Zhang Jimei, Zhu Ling, Zhou Jianping, Yu Qunying, Yang Guangyuan, Luo Chaoli, Meng Jianguo, Xing Shan, Liu Jing, Mou Donggang, Yang Xuming
Gastroenterology Department, Chenggong Hospital, Yan'an Hospital Affiliated to Kunming Medical University, Kunming, Yunnan 650505, China.
Orthopedics Department, Chenggong Hospital, Yan'an Hospital Affiliated to Kunming Medical University, Kunming, Yunnan 650505, China.
Tissue Cell. 2025 Oct;96:102972. doi: 10.1016/j.tice.2025.102972. Epub 2025 May 9.
Bone marrow mesenchymal stem cells (BMSCs) are stem cells that reside in bone marrow and have multidirectional differentiation potential. BMSCs have been used to treat bone injury. However, long-term passage leads to the aging of BMSCs and the weakening of osteogenic differentiation. Furthermore, brain-derived neurotrophic factor (BDNF) may enhance the antiaging ability of BMSCs. The purpose of this study was to investigate the role of BDNF in the senescence and osteogenic differentiation of human BMSCs (hBMSCs).
The senescence of hBMSCs was induced by successive passages. The mRNA and protein expression levels were measured using RTqPCR and Western blotting. Alkaline phosphatase (ALP) and alizarin red S (ARS) staining were used to identify osteogenic differentiation in the cells.
After long-term passage, the hBMSCs morphologically gradually expanded and appeared flat, cell viability decreased, the number of fibroblast-like colony-forming units (CFU-Fs) decreased, and the number of β-galactosidase (SA-β-gal)-positive cells and the mRNA expression levels of the senescence-related genes p53, p21 and p16 increased. The activity of ALP, the level of calcium salt deposition and the protein levels of runt-related transcription factor 2 (RUNX2), osteocalcin (OCN), osteopontin (OPN) and BDNF were significantly decreased. Subsequent research indicated that the senescence and inhibition of the osteogenic differentiation of hBMSCs induced by long-term culture were caused by low expression of BDNF. From a mechanistic standpoint, BDNF can activate the phosphatidylinositol 3-kinase/protein kinase B (PI3K/AKT) pathway by upregulating the expression of tropomyosin receptor kinase B (TrkB), thereby improving the senescence and inhibition of the osteogenic differentiation of hBMSCs caused by long-term passage.

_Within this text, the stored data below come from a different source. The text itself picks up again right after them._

text \<open>Evaluation of a polynomial (nonnegative exponents) at a point (u,v) of GF(2)^2,
with 0^0 = 1.\<close>
definition leval :: "lform \<Rightarrow> bool \<Rightarrow> bool \<Rightarrow> bool" where
  "leval f u v = odd (card {(a, b). f (a, b) \<and> (u \<or> a = 0) \<and> (v \<or> b = 0)})"

definition rseq :: "nat \<Rightarrow> bool" where
  "rseq i = (\<exists>j::nat. i = 2 ^ j - 1)"

text \<open>Inverse form R^(1-n) = sum_{j=1-n}^0 r_{-j} x^j z^(1-n-j).\<close>
definition Rinv :: "nat \<Rightarrow> lform" where
  "Rinv n = (\<lambda>(j, e). 1 - int n \<le> j \<and> j \<le> 0 \<and> e = 1 - int n - j \<and> rseq (nat (- j)))"

definition Delta :: "lform \<Rightarrow> lform \<Rightarrow> bool" where
  "Delta f G = (if tdeg f + tdeg G \<le> 0 then lmul f G (tdeg f + tdeg G, 0) else False)"

definition dk :: "lform \<times> lform \<Rightarrow> int" where
  "dk p = tdeg (snd p) - tdeg (fst p)"

text \<open>Delta_k = Delta(f^(k); R^(-1-k)), i.e. n = k+2.\<close>
definition Deltak :: "nat \<Rightarrow> lform \<times> lform \<Rightarrow> bool" where
  "Deltak k p = Delta (fst p) (Rinv (k + 2))"

definition step :: "nat \<Rightarrow> lform \<times> lform \<Rightarrow> lform \<times> lform" where
  "step k p = (let f = fst p; g = snd p; d = dk p in
     if \<not> Deltak k p then (f, lmul (lmon 0 1) g)
     else if d \<le> 0 then (ladd f (lmul (lmon (- d) 0) g), lmul (lmon 0 1) g)
     else (ladd (lmul (lmon d 0) f) g, lmul (lmon 0 1) f))"

primrec fg :: "nat \<Rightarrow> lform \<times> lform" where
  "fg 0 = (ladd (lmon 1 0) (lmon 0 1), lmon 0 1)"
| "fg (Suc k) = step k (fg k)"

end

theory Submission
  imports Defs "HOL-Computational_Algebra.Formal_Power_Series" "HOL-Library.Z2"
begin

text \<open>
  A form of degree \<open>d\<close> is the homogenisation \<open>x^d p(z/x)\<close> of a power series \<open>p\<close> over
  GF(2) of degree at most \<open>d\<close>, and \<open>Delta(f; R^(1-N))\<close> becomes the coefficient of \<open>z^N\<close>
  in \<open>p T\<close>, where \<open>T = \<Sum>j. z^(2^j)\<close>; in characteristic 2, \<open>T^2 + T = z\<close>.
  The algorithm runs through the denominators \<open>P_n\<close> of the convergents \<open>Q_n / P_n\<close> of \<open>T\<close>,
  \<open>P_(n+2) = P_(n+1) + z^2 P_n\<close>, and their norm identity
  \<open>z P_n^2 + P_n Q_n + Q_n^2 = z^(2n+1)\<close> factors as \<open>(P_n T + Q_n) (P_n T + Q_n + P_n)\<close>
  with a unit second factor. So \<open>P_n T\<close> agrees with \<open>Q_n\<close> (of degree \<open>\<le> n\<close>) below
  degree \<open>2n+1\<close> and has coefficient 1 there: this gives \<open>Delta_(2n) = 0\<close> and
  \<open>Delta_(2n+1) = 1\<close>, and hence the alternation of the two update rules.
\<close>

unbundle fps_syntax

lemma bit_fps_two [simp]: "(2::bit fps) = 0"
  by (rule fps_ext) (simp add: numeral_fps_const)

lemma bit_fps_add_add_self: "(a::bit fps) + b + a = b"
  by (simp add: ac_simps)

lemma sum_bit_symmetric:
  fixes h :: "nat \<Rightarrow> bit"
  assumes "\<And>i. i \<le> n \<Longrightarrow> h (n - i) = h i"
  shows "(\<Sum>i=0..n. h i) = (if even n then h (n div 2) else 0)"
proof -
  define A where "A = {i. i \<le> n \<and> 2*i < n}"
  define B where "B = {i. i \<le> n \<and> 2*i > n}"
  define C where "C = {i. i \<le> n \<and> 2*i = n}"
  have "{0..n} = A \<union> B \<union> C" and "A \<inter> B = {}" "(A \<union> B) \<inter> C = {}"
    unfolding A_def B_def C_def by auto
  moreover have "finite A" "finite B" "finite C"
    unfolding A_def B_def C_def by auto
  ultimately have "(\<Sum>i=0..n. h i) = sum h A + sum h B + sum h C"
    by (simp add: sum.union_disjoint)
  moreover have "sum h B = sum h A"
  proof -
    have "B = (\<lambda>i. n - i) ` A"
    proof (intro equalityI subsetI)
      fix x assume "x \<in> B"
      then show "x \<in> (\<lambda>i. n - i) ` A"
        unfolding A_def B_def by (intro image_eqI[where x="n - x"]) auto
    qed (auto simp: A_def B_def)
    moreover have "inj_on (\<lambda>i. n - i) A"
      unfolding A_def by (auto simp: inj_on_def)
    ultimately have "sum h B = sum (\<lambda>i. h (n - i)) A"
      by (simp add: sum.reindex)
    also have "\<dots> = sum h A"
      using assms unfolding A_def by (intro sum.cong) auto
    finally show ?thesis .
  qed
  moreover have "C = (if even n then {n div 2} else {})"
    unfolding C_def by auto
  ultimately show ?thesis by auto
qed

lemma fps_square_nth_bit: "((f::bit fps) * f) $ n = (if even n then f $ (n div 2) else 0)"
proof -
  have "(f * f) $ n = (\<Sum>i=0..n. f $ i * f $ (n - i))"
    by (rule fps_mult_nth)
  also have "\<dots> = (if even n then f $ (n div 2) * f $ (n - n div 2) else 0)"
    by (rule sum_bit_symmetric) (simp add: mult.commute)
  also have "\<dots> = (if even n then f $ (n div 2) else 0)"
    by (auto elim!: evenE)
  finally show ?thesis .
qed

definition pow2_series :: "bit fps" where
  "pow2_series = Abs_fps (\<lambda>n. of_bool (\<exists>j. n = 2 ^ j))"

lemma pow2_series_nth: "pow2_series $ n = of_bool (\<exists>j. n = 2 ^ j)"
  by (simp add: pow2_series_def)

lemma pow2_series_nth_0 [simp]: "pow2_series $ 0 = 0"
  by (simp add: pow2_series_nth)

lemma odd_eq_power_of_two_iff: "odd (n::nat) \<Longrightarrow> (\<exists>j. n = 2 ^ j) \<longleftrightarrow> n = 1"
  by (metis even_power odd_pos power_0 zero_less_iff_neq_zero even_numeral)

lemma double_eq_power_of_two_iff:
  assumes "(k::nat) > 0"
  shows "(\<exists>j. 2 * k = 2 ^ j) \<longleftrightarrow> (\<exists>j. k = 2 ^ j)"
proof
  assume "\<exists>j. 2 * k = 2 ^ j"
  then obtain j where j: "2 * k = (2::nat) ^ j" by blast
  with assms obtain i where "j = Suc i" by (cases j) auto
  with j show "\<exists>j. k = 2 ^ j" by auto
next
  assume "\<exists>j. k = 2 ^ j"
  then show "\<exists>j. 2 * k = 2 ^ j" by (metis power_Suc)
qed

lemma pow2_series_quadratic: "pow2_series * pow2_series + pow2_series = fps_X"
proof (rule fps_ext)
  fix n
  show "(pow2_series * pow2_series + pow2_series) $ n = fps_X $ n"
  proof (cases "even n")
    case True
    then obtain k where k: "n = 2 * k" by blast
    then show ?thesis
      using double_eq_power_of_two_iff[of k]
      by (cases "k = 0") (simp_all add: fps_square_nth_bit fps_X_def pow2_series_nth)
  next
    case False
    then show ?thesis
      using odd_eq_power_of_two_iff[of n] by (simp add: fps_square_nth_bit fps_X_def pow2_series_nth)
  qed
qed

fun conv_den :: "nat \<Rightarrow> bit fps" where
  "conv_den 0 = 1"
| "conv_den (Suc 0) = 1 + fps_X"
| "conv_den (Suc (Suc n)) = conv_den (Suc n) + fps_X^2 * conv_den n"

fun conv_num :: "nat \<Rightarrow> bit fps" where
  "conv_num 0 = 0"
| "conv_num (Suc 0) = fps_X"
| "conv_num (Suc (Suc n)) = conv_num (Suc n) + fps_X^2 * conv_num n"

lemma conv_det: "conv_den n * conv_num (Suc n) + conv_den (Suc n) * conv_num n = fps_X^(2*n+1)"
proof (induction n)
  case 0
  then show ?case by simp
next
  case (Suc n)
  have "conv_den (Suc n) * conv_num (Suc (Suc n)) + conv_den (Suc (Suc n)) * conv_num (Suc n)
      = fps_X^2 * (conv_den n * conv_num (Suc n) + conv_den (Suc n) * conv_num n)"
    by (simp add: algebra_simps)
  also have "\<dots> = fps_X^(2 * Suc n + 1)"
    by (simp add: Suc power_add[symmetric])
  finally show ?case .
qed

BDNF improves the senescence and inhibition of the osteogenic differentiation of hBMSCs caused by long-term passage via regulation of the TrkB/PI3K/AKT signaling axis.

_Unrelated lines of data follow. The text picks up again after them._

lemma JN_greatest:
  assumes "0 \<le> a"
    and "\<And>u. u 1 = a \<Longrightarrow> \<forall>i. 0 \<le> u i \<Longrightarrow> c \<le> (\<Sum>i=1..N. period_cost h p K x0 d u i)"
  shows "c \<le> JN h p K x0 d N a"
  unfolding JN_def
proof (rule cINF_greatest)
  show "{u. u 1 = a \<and> (\<forall>i. 0 \<le> u i)} \<noteq> {}"
    using assms(1) by (auto intro!: exI[where x="\<lambda>i. if i = 1 then a else 0"])
qed (use assms in auto)

lemma sum_le_sum_add_initial:
  fixes f g c :: "nat \<Rightarrow> real"
  assumes "\<And>i. 1 \<le> i \<Longrightarrow> i \<le> M \<Longrightarrow> f i \<le> g i + c i"
    and "\<And>i. M < i \<Longrightarrow> f i \<le> g i" and "\<And>i. 0 \<le> c i"
  shows "(\<Sum>i=1..N. f i) \<le> (\<Sum>i=1..N. g i) + (\<Sum>i=1..M. c i)"
proof -
  define c' where "c' i = (if i \<le> M then c i else 0)" for i
  have "(\<Sum>i=1..N. f i) \<le> (\<Sum>i=1..N. g i + c' i)"
    by (rule sum_mono) (simp add: c'_def assms)
  also have "\<dots> = (\<Sum>i=1..N. g i) + (\<Sum>i=1..N. c' i)"
    by (rule sum.distrib)
  also have "(\<Sum>i=1..N. c' i) \<le> (\<Sum>i=1..max N M. c' i)"
    by (rule sum_mono2) (auto simp: c'_def assms)
  also have "\<dots> = (\<Sum>i=1..M. c i)"
    by (rule sum.mono_neutral_cong_right) (auto simp: c'_def)
  finally show ?thesis by simp
qed

lemma lim_le_lim_add_const_over_n:
  fixes f g :: "nat \<Rightarrow> real"
  assumes "convergent f" "convergent g" "\<And>N. 1 \<le> N \<Longrightarrow> f N \<le> g N + C / real N"
  shows "lim f \<le> lim g"
proof -
  have "f \<longlonglongrightarrow> lim f" using assms(1) convergent_LIMSEQ_iff by auto
  moreover have "(\<lambda>N. g N + C / real N) \<longlonglongrightarrow> lim g + 0"
    using assms(2) convergent_LIMSEQ_iff by (intro tendsto_add lim_const_over_n) auto
  moreover have "\<exists>N0. \<forall>N\<ge>N0. f N \<le> g N + C / real N" using assms(3) by auto
  ultimately have "lim f \<le> lim g + 0" by (rule LIMSEQ_le)
  then show ?thesis by simp
qed

lemma convex_on_cong:
  fixes f g :: "real \<Rightarrow> real"
  assumes g: "convex_on A g" and eq: "\<And>x. x \<in> A \<Longrightarrow> f x = g x"
  shows "convex_on A f"
proof (rule convex_onI)
  show A: "convex A" using g by (rule convex_on_imp_convex)
  fix t x y :: real assume t: "0 < t" "t < 1" and xy: "x \<in> A" "y \<in> A"
  have "(1 - t) *\<^sub>R x + t *\<^sub>R y \<in> A" using A xy t by (simp add: convex_alt)
  then show "f ((1 - t) *\<^sub>R x + t *\<^sub>R y) \<le> (1 - t) * f x + t * f y"
    using convex_onD[OF g, of t x y] t xy eq by simp
qed

lemma convex_on_max_shift_zero:
  fixes c :: real
  assumes "convex A"
  shows "convex_on A (\<lambda>x. max (c + x) 0)"
proof (rule convex_onI)
  fix t x y :: real assume t: "0 < t" "t < 1"
  have "c + ((1 - t) *\<^sub>R x + t *\<^sub>R y) = (1 - t) * (c + x) + t * (c + y)"
    by (simp add: algebra_simps)
  moreover have "(1 - t) * (c + x) \<le> (1 - t) * max (c + x) 0" "t * (c + y) \<le> t * max (c + y) 0"
    using t by (auto intro: mult_left_mono)
  moreover have "0 \<le> (1 - t) * max (c + x) 0" "0 \<le> t * max (c + y) 0"
    using t by auto
  ultimately show "max (c + ((1 - t) *\<^sub>R x + t *\<^sub>R y)) 0 \<le> (1 - t) * max (c + x) 0 + t * max (c + y) 0"
    by linarith
qed (rule assms)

骨髓间充质干细胞(BMSCs)是存在于骨髓中的干细胞,具有多向分化潜能。BMSCs已被用于治疗骨损伤。然而,长期传代导致BMSCs衰老和成骨分化能力减弱。此外,脑源性神经营养因子(BDNF)可能增强BMSCs的抗衰老能力。本研究的目的是探讨BDNF在人BMSCs(hBMSCs)衰老和成骨分化中的作用。
通过连续传代诱导hBMSCs衰老。采用RTqPCR和蛋白质免疫印迹法检测mRNA和蛋白质表达水平。用碱性磷酸酶(ALP)和茜素红S(ARS)染色鉴定细胞的成骨分化。

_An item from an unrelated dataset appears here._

(* Let $k$ be even and $d\ge1$. For any $k$-XOR instance $\Phi$ on $n$ variables consisting of $m\ge1$ constraints on distinct tuples, and any assignment $x\in\{\pm1\}^n$, $$\Big|\mathrm{sat}_\Phi(x)-\frac12\Big|\le\frac{1}{2m}\Big[\|R^{\Phi,d}_{\mathrm{norm}}\|\cdot\sum_{I\in[n]^{kd/2}}\mathrm{hist}(I)!\Big]^{1/d}.$$
   Context: A $k$-XOR instance $\Phi$ is a set of constraints $C_{S_1},\dots,C_{S_m}$ with distinct $S_a=(s_1,\dots,s_k)\in[n]^k$, where $C_S$ is $\prod_{i=1}^kx_{s_i}=\eta_S$ with $\eta_S\in\{\pm1\}$; $\mathrm{sat}_\Phi(x)$ is the fraction of constraints satisfied by $x$. Constraint tensor: $T_S=\eta_{S}$ if $S=S_a$ for some $a$, else $0$. $\|\cdot\|$ is the spectral norm. $M^\Phi$ is the $n^{k/2}\times n^{k/2}$ matrix indexed by $[n]^{k/2}$ with $M^\Phi_{U,V}=T_{(U,V)}$ (concatenation); $S^\Phi=\frac12(M^\Phi+(M^\Phi)^\top)$. $S^{\Phi,d}$ is indexed by $[n]^{kd/2}$, tuples written as concatenations $(U_1,\dots,U_d)$ of blocks in $[n]^{k/2}$, with $S^{\Phi,d}_{(U_1,\dots,U_d),(V_1,\dots,V_d)}=\prod_{s=1}^dS^\Phi_{U_s,V_s}$. For $I=(i_1,\dots,i_q)$ and $\pi\in\mathbb{S}_q$, $\pi(I)=(i_{\pi(1)},\dots,i_{\pi(q)})$; $R^{\Phi,d}_{I,J}=\frac{1}{((kd/2)!)^2}\sum_{\pi,\sigma\in\mathbb{S}_{kd/2}}S^{\Phi,d}_{\pi(I),\sigma(J)}$. $\mathrm{hist}(I)=(\alpha_1,\dots,\alpha_n)$ with $\alpha_i$ the number of occurrences of $i$ in $I$, $\mathrm{hist}(I)!=\prod_i\alpha_i!$. $D_{\mathrm{hist}}$ is diagonal with $(I,I)$ entry $\sqrt{\mathrm{hist}(I)!}$, and $R^{\Phi,d}_{\mathrm{norm}}=D_{\mathrm{hist}}^{-1}R^{\Phi,d}D_{\mathrm{hist}}^{-1}$. *)

theory Defs
  imports "HOL-Analysis.Analysis" "HOL-Combinatorics.Permutations"
begin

长期传代后,hBMSCs形态逐渐变大且变扁平,细胞活力下降,成纤维细胞样集落形成单位(CFU-Fs)数量减少,β-半乳糖苷酶(SA-β-gal)阳性细胞数量以及衰老相关基因p53、p21和p16的mRNA表达水平增加。ALP活性、钙盐沉积水平以及 runt相关转录因子2(RUNX2)、骨钙素(OCN)、骨桥蛋白(OPN)和BDNF的蛋白质水平显著降低。后续研究表明,长期培养诱导的hBMSCs衰老和成骨分化抑制是由BDNF低表达引起的。从机制角度来看,BDNF可通过上调原肌球蛋白受体激酶B(TrkB)的表达激活磷脂酰肌醇3激酶/蛋白激酶B(PI3K/AKT)通路,从而改善长期传代导致的hBMSCs衰老和成骨分化抑制。
BDNF通过调节TrkB/PI3K/AKT信号轴改善长期传代导致的hBMSCs衰老和成骨分化抑制。